Diese »Einsicht« hat Rabbiner Soloveitchik in einem Werk namens »Kol dodi dofek« niedergeschrieben und argumentiert. Mit dem biblischen »Lied der Lieder - Schir haSchirim«, welches in poetischer Sprache die Beziehung zwischen dem jüdischen Volk und G-tt beschreibt, schreibt er über die Errichtung des Staates Israel. »Kol dodi dofek« ist ein Zitat aus eben diesem Schir haSchirim (5,2) und bedeutet so viel wie »mein Geliebter klopft an«. Der Geliebte klopft an die Tür seiner Geliebten, aber diese schläft und kann sich nicht dazu entschließen, die Tür zu öffnen. »Ich habe mein Kleid ausgezogen, wie soll ich es wieder anziehen? Ich habe meine Füße gewaschen, wie sollte ich sie wieder schmutzig machen?« Dann aber wird der Geliebten klar, wer da klopft und steht auf. Tragischerweise hat sich der Geliebte schon abgewandt. Das kennt vielleicht der eine oder andere Leser aus dem eigenen Leben: Chance vorbei.

Dies sollte nicht noch einmal passieren und so beschreibt Rabbiner Soloveitchik die offensichtlichen Wunder, die mit der Gründung des Staates Israel verbunden waren.
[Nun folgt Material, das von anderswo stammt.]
lemma comp_appendE:
  assumes "comp G A q x (u @ v) q' y k"
  obtains q1 x1 k1 k2 where "comp G A q x u q1 x1 k1" "comp G A q1 x1 v q' y k2" "k = k1 + k2"
proof -
  have "w = u @ v \<Longrightarrow>
      \<exists>q1 x1 k1 k2. comp G A q x u q1 x1 k1 \<and> comp G A q1 x1 v q' y k2 \<and> k = k1 + k2"
    if "comp G A q x w q' y k" for w
    using that
  proof (induction arbitrary: u rule: comp.induct)
    case (comp_nil q x)
    then show ?case by (auto intro: comp.intros)
  next
    case (comp_eps q1 m q x w q' y k)
    then show ?case by (metis add_Suc comp.comp_eps)
  next
    case (comp_sym q1 m q \<sigma> x w q' y k)
    show ?case
    proof (cases u)
      case Nil
      with comp_sym show ?thesis by (metis add_0 append_Nil comp.comp_nil comp.comp_sym)
    next
      case (Cons a u')
      with comp_sym show ?thesis by (metis add_Suc append_Cons comp.comp_sym list.inject)
    qed
  qed
  with assms that show ?thesis by blast
qed

definition marked_palindromes :: "nat list set" where
  "marked_palindromes = {u @ [2] @ rev u | u. set u \<subseteq> {0, 1}}"

lemma marked_palindrome_halves_eq:
  assumes "u @ [2] @ rev v \<in> marked_palindromes" "set u \<subseteq> {0, 1}" "set v \<subseteq> {0, 1}"
  shows "u = v"
proof -
  obtain w where w: "set w \<subseteq> {0, 1}" "u @ 2 # rev v = w @ 2 # rev w"
    using assms(1) unfolding marked_palindromes_def by auto
  have "(2::nat) \<notin> set u" "(2::nat) \<notin> set (rev v)" using assms(2,3) by auto
  with w(2) have "u = w \<and> rev v = rev w" using append_Cons_eq_iff[of 2 u "rev v" w "rev w"] by blast
  then show ?thesis by simp
qed

definition marked_palindrome_grammar :: "(nat \<times> (nat + nat) list) set" where
  "marked_palindrome_grammar = {(0, [Inr 0, Inl 0, Inr 0]), (0, [Inr 1, Inl 0, Inr 1]), (0, [Inr 2])}"

lemma marked_palindrome_grammar_derives_centred:
  "set u \<subseteq> {0, 1} \<Longrightarrow>
    (derive1 marked_palindrome_grammar)\<^sup>*\<^sup>* [Inl 0] (map Inr u @ [Inl 0] @ map Inr (rev u))"
proof (induction u rule: rev_induct)
  case Nil
  then show ?case by simp
next
  case (snoc a u)
  then have "(0, [Inr a, Inl 0, Inr a]) \<in> marked_palindrome_grammar"
    by (auto simp: marked_palindrome_grammar_def)
  then have "derive1 marked_palindrome_grammar (map Inr u @ [Inl 0] @ map Inr (rev u))
      (map Inr u @ [Inr a, Inl 0, Inr a] @ map Inr (rev u))"
    unfolding derive1_def by blast
  with snoc show ?case by simp
qed

lemma marked_palindrome_grammar_sentential_forms:
  assumes "(derive1 marked_palindrome_grammar)\<^sup>*\<^sup>* [Inl 0] v"
  shows "\<exists>u. set u \<subseteq> {0, 1} \<and>
    (v = map Inr u @ [Inl 0] @ map Inr (rev u) \<or> v = map Inr (u @ [2] @ rev u))"
  using assms
proof (induction rule: rtranclp_induct)
  case base
  then show ?case by (intro exI[of _ "[]"]) auto
next
  case (step v v')
  then obtain u where u: "set u \<subseteq> {0, 1}"
    "v = map Inr u @ [Inl 0] @ map Inr (rev u) \<or> v = map Inr (u @ [2] @ rev u)" by blast
  from step(2) obtain \<alpha> \<beta> \<gamma> where
    d: "v = \<alpha> @ [Inl 0] @ \<beta>" "(0, \<gamma>) \<in> marked_palindrome_grammar" "v' = \<alpha> @ \<gamma> @ \<beta>"
    unfolding derive1_def marked_palindrome_grammar_def by blast
  then have "Inl 0 \<in> set v" by simp
  then have "v = map Inr u @ [Inl 0] @ map Inr (rev u)" using u(2) by auto
  with d(1) have "map Inr u @ Inl 0 # map Inr (rev u) = \<alpha> @ Inl 0 # \<beta>" by simp
  then have \<alpha>: "\<alpha> = map Inr u" and \<beta>: "\<beta> = map Inr (rev u)"
    using append_Cons_eq_iff[of "Inl 0" "map Inr u" "map Inr (rev u)" \<alpha> \<beta>] by auto
  from d(2) consider "\<gamma> = [Inr 0, Inl 0, Inr 0]" | "\<gamma> = [Inr 1, Inl 0, Inr 1]" | "\<gamma> = [Inr 2]"
    by (auto simp: marked_palindrome_grammar_def)
  then show ?case
  proof cases
    case 1
    then show ?thesis using u(1) d(3) \<alpha> \<beta> by (intro exI[of _ "u @ [0]"]) auto
  next
    case 2
    then show ?thesis using u(1) d(3) \<alpha> \<beta> by (intro exI[of _ "u @ [1]"]) auto
  next
    case 3
    then show ?thesis using u(1) d(3) \<alpha> \<beta> by (intro exI[of _ u]) auto
  qed
qed

lemma cfg_lang_marked_palindrome_grammar: "cfg_lang marked_palindrome_grammar 0 = marked_palindromes"
proof
  show "cfg_lang marked_palindrome_grammar 0 \<subseteq> marked_palindromes"
  proof
    fix w assume "w \<in> cfg_lang marked_palindrome_grammar 0"
    then have "(derive1 marked_palindrome_grammar)\<^sup>*\<^sup>* [Inl 0] (map Inr w)"
      by (simp add: cfg_lang_def)
    then obtain u where u: "set u \<subseteq> {0, 1}"
      "(map Inr w :: (nat + nat) list) = map Inr u @ [Inl 0] @ map Inr (rev u)
        \<or> (map Inr w :: (nat + nat) list) = map Inr (u @ [2] @ rev u)"
      using marked_palindrome_grammar_sentential_forms by blast
    have "Inl 0 \<notin> set (map Inr w :: (nat + nat) list)"
      "Inl 0 \<in> set (map Inr u @ [Inl 0] @ map Inr (rev u) :: (nat + nat) list)" by auto
    then have "(map Inr w :: (nat + nat) list) \<noteq> map Inr u @ [Inl 0] @ map Inr (rev u)" by force
    with u(2) have "(map Inr w :: (nat + nat) list) = map Inr (u @ [2] @ rev u)" by blast
    then have "w = u @ [2] @ rev u" by (simp only: inj_map_eq_map[OF inj_Inr])
    with u(1) show "w \<in> marked_palindromes" by (auto simp: marked_palindromes_def)
  qed
  show "marked_palindromes \<subseteq> cfg_lang marked_palindrome_grammar 0"
  proof
    fix w assume "w \<in> marked_palindromes"
    then obtain u where u: "set u \<subseteq> {0, 1}" "w = u @ [2] @ rev u"
      by (auto simp: marked_palindromes_def)
    have "derive1 marked_palindrome_grammar (map Inr u @ [Inl 0] @ map Inr (rev u))
        (map Inr u @ [Inr 2] @ map Inr (rev u))"
      unfolding derive1_def marked_palindrome_grammar_def by blast
    with marked_palindrome_grammar_derives_centred[OF u(1)]
    have "(derive1 marked_palindrome_grammar)\<^sup>*\<^sup>* [Inl 0] (map Inr u @ [Inr 2] @ map Inr (rev u))"
      by (rule rtranclp.rtrancl_into_rtrancl)
    with u(2) show "w \<in> cfg_lang marked_palindrome_grammar 0" by (simp add: cfg_lang_def)
  qed
qed

lemma marked_palindromes_in_CF: "marked_palindromes \<in> CF"
proof -
  have "finite marked_palindrome_grammar" by (simp add: marked_palindrome_grammar_def)
  then show ?thesis unfolding CF_def
    by (intro CollectI exI[of _ marked_palindrome_grammar] exI[of _ 0])
      (simp add: cfg_lang_marked_palindrome_grammar)
qed

context group
begin

lemma foldr_mult_closed: "set ws \<subseteq> carrier G \<Longrightarrow> foldr (\<lambda>a b. a \<otimes> b) ws \<one> \<in> carrier G"
  by (induction ws) auto

lemma foldr_mult_append:
  "set ws \<subseteq> carrier G \<Longrightarrow> set vs \<subseteq> carrier G \<Longrightarrow>
   foldr (\<lambda>a b. a \<otimes> b) (ws @ vs) \<one> = foldr (\<lambda>a b. a \<otimes> b) ws \<one> \<otimes> foldr (\<lambda>a b. a \<otimes> b) vs \<one>"
  by (induction ws) (auto simp: m_assoc foldr_mult_closed)

lemma ball_words_mult:
  assumes "X \<subseteq> carrier G" "a \<in> ball_words G X n" "b \<in> ball_words G X m"
  shows "a \<otimes> b \<in> ball_words G X (n + m)"
proof -
  obtain ws vs where ws: "length ws \<le> n" "set ws \<subseteq> X \<union> (\<lambda>x. inv x) ` X" "a = foldr (\<lambda>a b. a \<otimes> b) ws \<one>"
    and vs: "length vs \<le> m" "set vs \<subseteq> X \<union> (\<lambda>x. inv x) ` X" "b = foldr (\<lambda>a b. a \<otimes> b) vs \<one>"
    using assms(2,3) unfolding ball_words_def by blast
  have "X \<union> (\<lambda>x. inv x) ` X \<subseteq> carrier G" using assms(1) by auto
  with ws vs have "a \<otimes> b = foldr (\<lambda>a b. a \<otimes> b) (ws @ vs) \<one>"
    by (metis foldr_mult_append subset_trans)
  with ws vs show ?thesis unfolding ball_words_def
    by (intro CollectI exI[of _ "ws @ vs"]) auto
qed

lemma generate_subset_ball_words:
  assumes "X \<subseteq> carrier G"
  shows "generate G X \<subseteq> (\<Union>n. ball_words G X n)"
proof
  fix g assume "g \<in> generate G X"
  then show "g \<in> (\<Union>n. ball_words G X n)"
  proof (induction rule: generate.induct)
    case one
    have "\<one> \<in> ball_words G X 0" by (simp add: ball_words_0)
    then show ?case by blast
  next
    case (incl h)
    then have "h \<in> ball_words G X 1"
      unfolding ball_words_def using assms by (intro CollectI exI[of _ "[h]"]) auto
    then show ?case by blast
  next
    case (inv h)
    then have "inv h \<in> ball_words G X 1"
      unfolding ball_words_def using assms by (intro CollectI exI[of _ "[inv h]"]) auto
    then show ?case by blast
  next
    case (eng h1 h2)
    then show ?case using ball_words_mult[OF assms] by blast
  qed
qed

lemma finite_subset_ball_words:
  assumes "X \<subseteq> carrier G" "finite M" "M \<subseteq> generate G X"
  shows "\<exists>K. M \<subseteq> ball_words G X K"
  using assms(2,3)
proof (induction rule: finite_induct)
  case empty
  then show ?case by blast
next
  case (insert g M)
  then obtain K n where "M \<subseteq> ball_words G X K" "g \<in> ball_words G X n"
    using generate_subset_ball_words[OF assms(1)] by blast
  moreover have "ball_words G X K \<subseteq> ball_words G X (max K n)"
    "ball_words G X n \<subseteq> ball_words G X (max K n)"
    by (simp_all add: ball_words_mono)
  ultimately have "insert g M \<subseteq> ball_words G X (max K n)" by blast
  then show ?case by blast
qed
Sie seien Grund genug, die Zeichen der Zeit zu erkennen: Die Anerkennung Israels durch die Vereinten Nationen, der Sieg Israels auf dem Schlachtfeld, als mehrere arabische Nationen vereint gegen Israel antraten, verloren und Israel plötzlich größer war, als ursprünglich geplant.

Er sah Israel als Gegengewicht zur Assimilation, als Faktor bei der Ausbildung einer jüdischen Identität in der Diaspora und schließlich mache es der Staat Israel möglich, die Selbstverteidigung in jüdische Hände zu legen. Man sei Herr seines eigenen Schicksals. Zudem rette der Staat Israel, als Zufluchtsort für Juden, Leben. Wie viele Leben hätte er retten können, wenn es 1939 ein eigenes jüdisches Land gegeben hätte?

Erneut die Frage: Ist Israel nun also die Erfüllung eines religiösen »Traums«, oder eines politischen? Hoffentlich beides zugleich auf unterschiedlichen Ebenen. Aber die Trennung dieser Ebenen hilft uns vielleicht dabei, viele Fragen und Argumente besser einordnen zu können.

Eines haben wir aber auf jeden Fall gesehen: Gandhi ist nicht immer die beste Referenz, wenn es irgendwie um Frieden geht.